Net height ascended in 2 min = (6 - 3) = 3m.

Net height ascended in 36 min = \$\$({3}/{2} × 36)\$\$m = 54 m.

In the 37th min, the monkey ascends 6 m and reaches the top

Hence, total time taken = 37 minutes.

Question: 2

Which of the following trains is the fastest?

(A) 25 m/sec

(B) 90 km/hr

(C) 1500 m/min

(D) None of these

Ans: D

25 m/sec = \$\$(25 × {18}/{5})\$\$km/hr = 90 km/hr.

And, 25 m/sec = (25 × 60) m/min = 1500 m/min.

So, all the three speeds are equal.

Question: 3

A train leaves Delhi at 4.10 P.M. and reaches Aligarh at 7.25 P.M. The average speed of the train is 40 km/hr.
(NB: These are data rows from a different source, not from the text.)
lemma norm_mult_add_transpose_mult_le:
  "norm (P ** (E::real^'n^'n) + transpose E ** P) \<le> 2 * norm P * norm E"
  using norm_matrix_mult_le[of P E] norm_matrix_mult_le[of "transpose E" P]
  by (intro order_trans[OF norm_triangle_ineq]) (simp add: norm_transpose algebra_simps)

lemma abs_inner_matrix_vector_le: "\<bar>x \<bullet> ((A::real^'n^'n) *v x)\<bar> \<le> norm A * norm x ^ 2"
proof -
  have "\<bar>x \<bullet> (A *v x)\<bar> \<le> norm x * norm (A *v x)" by (rule Cauchy_Schwarz_ineq2)
  also have "\<dots> \<le> norm x * (norm A * norm x)"
    by (intro mult_left_mono norm_matrix_vector_mult_le) simp
  finally show ?thesis by (simp add: power2_eq_square mult_ac)
qed

lemma abs_trace_le: "\<bar>trace (A::real^'n^'n)\<bar> \<le> real CARD('n) * norm A"
proof -
  have "\<bar>trace A\<bar> \<le> (\<Sum>i\<in>UNIV. \<bar>A$i$i\<bar>)" unfolding trace_def by (rule sum_abs)
  also have "\<dots> \<le> (\<Sum>i\<in>(UNIV::'n set). norm A)"
    by (intro sum_mono order_trans[OF component_le_norm_cart Finite_Cartesian_Product.norm_nth_le])
  finally show ?thesis by simp
qed

lemma abs_trace_mult_le: "\<bar>trace ((A::real^'n^'n) ** B)\<bar> \<le> real CARD('n) * (norm A * norm B)"
  by (rule order_trans[OF abs_trace_le]) (simp add: norm_matrix_mult_le)

lemma norm_matrix_le_entrywise:
  assumes "\<And>i j. \<bar>(A::real^'n^'m) $ i $ j\<bar> \<le> K"
  shows "norm A \<le> real CARD('m) * real CARD('n) * K"
proof -
  have "norm A \<le> (\<Sum>i\<in>UNIV. norm (A$i))"
    unfolding norm_vec_def by (rule L2_set_le_sum) auto
  also have "\<dots> \<le> (\<Sum>i\<in>UNIV. \<Sum>j\<in>UNIV. \<bar>A$i$j\<bar>)"
    by (intro sum_mono norm_le_l1_cart)
  also have "\<dots> \<le> (\<Sum>i\<in>(UNIV::'m set). \<Sum>j\<in>(UNIV::'n set). K)"
    by (intro sum_mono assms)
  finally show ?thesis by simp
qed

lemma norm_le_sqrt_card_spec_norm: "norm (A::real^'n^'m) \<le> sqrt (real CARD('n)) * spec_norm A"
proof -
  have "norm A ^ 2 = (\<Sum>j\<in>UNIV. norm (A *v axis j 1) ^ 2)" by (rule norm_matrix_sq_columns)
  also have "\<dots> \<le> (\<Sum>j\<in>(UNIV::'n set). spec_norm A ^ 2)"
  proof (intro sum_mono power_mono)
    fix j :: 'n
    show "norm (A *v axis j 1) \<le> spec_norm A"
      using onorm[OF matrix_vector_mul_bounded_linear[of A], of "axis j 1"] by (simp add: spec_norm_def)
  qed simp
  also have "\<dots> = (sqrt (real CARD('n)) * spec_norm A) ^ 2"
    by (simp add: power_mult_distrib)
  finally show ?thesis
    by (rule power2_le_imp_le) (simp add: spec_norm_def onorm_pos_le)
qed

subsection \<open>The matrix exponential\<close>

lemma mat_pow_commute: "mat_pow M k ** M = M ** mat_pow M k"
  by (induction k) (simp_all add: matrix_mul_assoc[symmetric])

lemma mat_pow_scaleR: "mat_pow (t *\<^sub>R M) k = t^k *\<^sub>R mat_pow M k"
  by (induction k) (simp_all add: scalar_matrix_assoc[symmetric] matrix_scalar_ac)

lemma mat_pow_transpose: "transpose (mat_pow M k) = mat_pow (transpose M) k"
  by (induction k) (simp_all add: matrix_transpose_mul mat_pow_commute)

lemma norm_mat_pow_le: "norm (mat_pow (M::real^'n^'n) k) \<le> norm (mat 1 :: real^'n^'n) * norm M ^ k"
proof (induction k)
  case (Suc k)
  have "norm (mat_pow M (Suc k)) \<le> norm M * norm (mat_pow M k)"
    by (simp add: norm_matrix_mult_le)
  also have "\<dots> \<le> norm M * (norm (mat 1 :: real^'n^'n) * norm M ^ k)"
    by (intro mult_left_mono Suc.IH) simp
  finally show ?case by (simp add: mult_ac)
qed simp

lemma summable_mexp_series: "summable (\<lambda>k. (t^k / fact k) *\<^sub>R mat_pow (M::real^'n^'n) k)"
proof (rule summable_comparison_test)
  show "\<exists>N. \<forall>k\<ge>N. norm ((t^k / fact k) *\<^sub>R mat_pow M k)
      \<le> norm (mat 1 :: real^'n^'n) * (inverse (fact k) * (\<bar>t\<bar> * norm M) ^ k)"
  proof (intro exI allI impI)
    fix k :: nat
    have "norm ((t^k / fact k) *\<^sub>R mat_pow M k) = \<bar>t\<bar>^k * norm (mat_pow M k) / fact k"
      by (simp add: power_abs)
    also have "\<dots> \<le> \<bar>t\<bar>^k * (norm (mat 1 :: real^'n^'n) * norm M ^ k) / fact k"
      by (intro divide_right_mono mult_left_mono norm_mat_pow_le) auto
    finally show "norm ((t^k / fact k) *\<^sub>R mat_pow M k)
        \<le> norm (mat 1 :: real^'n^'n) * (inverse (fact k) * (\<bar>t\<bar> * norm M) ^ k)"
      by (simp add: field_simps power_mult_distrib)
  qed
  show "summable (\<lambda>k. norm (mat 1 :: real^'n^'n) * (inverse (fact k) * (\<bar>t\<bar> * norm M) ^ k))"
    by (intro summable_mult summable_exp)
qed

lemma mexp_scaleR_eq: "mexp (t *\<^sub>R M) = (\<Sum>k. (t^k / fact k) *\<^sub>R mat_pow M k)"
  by (simp add: mexp_def mat_pow_scaleR)

lemma mexp_zero [simp]: "mexp 0 = (mat 1 :: real^'n^'n)"
proof -
  have "mexp (0 *\<^sub>R (0::real^'n^'n)) = (\<Sum>k. if k = 0 then mat 1 else 0)"
    unfolding mexp_scaleR_eq by (rule suminf_cong) simp
  then show ?thesis
    using sums_single[of 0 "\<lambda>_. mat 1 :: real^'n^'n"] by (simp add: sums_iff)
qed

lemma mexp_commute: "M ** mexp (t *\<^sub>R M) = mexp (t *\<^sub>R M) ** M"
proof -
  have "M ** mexp (t *\<^sub>R M) = (\<Sum>k. M ** ((t^k / fact k) *\<^sub>R mat_pow M k))"
    unfolding mexp_scaleR_eq
    by (rule bounded_linear.suminf[OF bounded_linear_matrix_mult_left summable_mexp_series])
  also have "\<dots> = (\<Sum>k. ((t^k / fact k) *\<^sub>R mat_pow M k) ** M)"
    by (simp add: matrix_scalar_ac scalar_matrix_assoc[symmetric] mat_pow_commute)
  also have "\<dots> = mexp (t *\<^sub>R M) ** M"
    unfolding mexp_scaleR_eq
    by (rule bounded_linear.suminf[OF bounded_linear_matrix_mult_right summable_mexp_series, symmetric])
  finally show ?thesis .
qed

lemma transpose_mexp: "transpose (mexp (t *\<^sub>R M)) = mexp (t *\<^sub>R transpose M)"
proof -
  have "bounded_linear (transpose :: real^'n^'n \<Rightarrow> real^'n^'n)"
    by (rule linear_conv_bounded_linear[THEN iffD1], rule linearI)
       (simp_all add: transpose_add transpose_scalar)
  then show ?thesis unfolding mexp_scaleR_eq
    by (subst bounded_linear.suminf[OF _ summable_mexp_series]) (simp_all add: transpose_scalar mat_pow_transpose)
qed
What is the distance from Delhi to Aligarh?

(A) 110 km

(B) 120 km

(C) 130 km

(D) 140 km

Ans: C

Time taken = 3 hrs 15 min = \$\$3{1}/{4}\$\$hrs = \$\${13}/{4}\$\$hrs.

∴ Required distance = \$\$(40 × {13}/{4})\$\$ = 130 km.

Question: 4

The speeds of three cars are in the ratio 2 : 3 : 4. The ratio of the times taken by these cars to travel the same distance is

(A) 2 : 3 : 4

(B) 4 : 3 : 2

(C) 6 : 4 : 3

(D) 6 : 2 : 2

Ans: C

Ratio of speeds = 2 : 3 : 4.

∴ Ratio of times taken = \$\${1}/{2} : {1}/{3} : {1}/{4}\$\$ = 6 : 4 : 3.

Question: 5

In track meets both 100 yards and 100 metres are used as distances. By how many metres is 100 metres longer than 100 yards?

(A) 8.56 m

(B) 0.856 m

(C) 0.0856 m

(D) 1 m

Ans: A

1 yard = 0.9144 m ⇔ 100 yards = (100 × 0.9144) m = 91.44 m.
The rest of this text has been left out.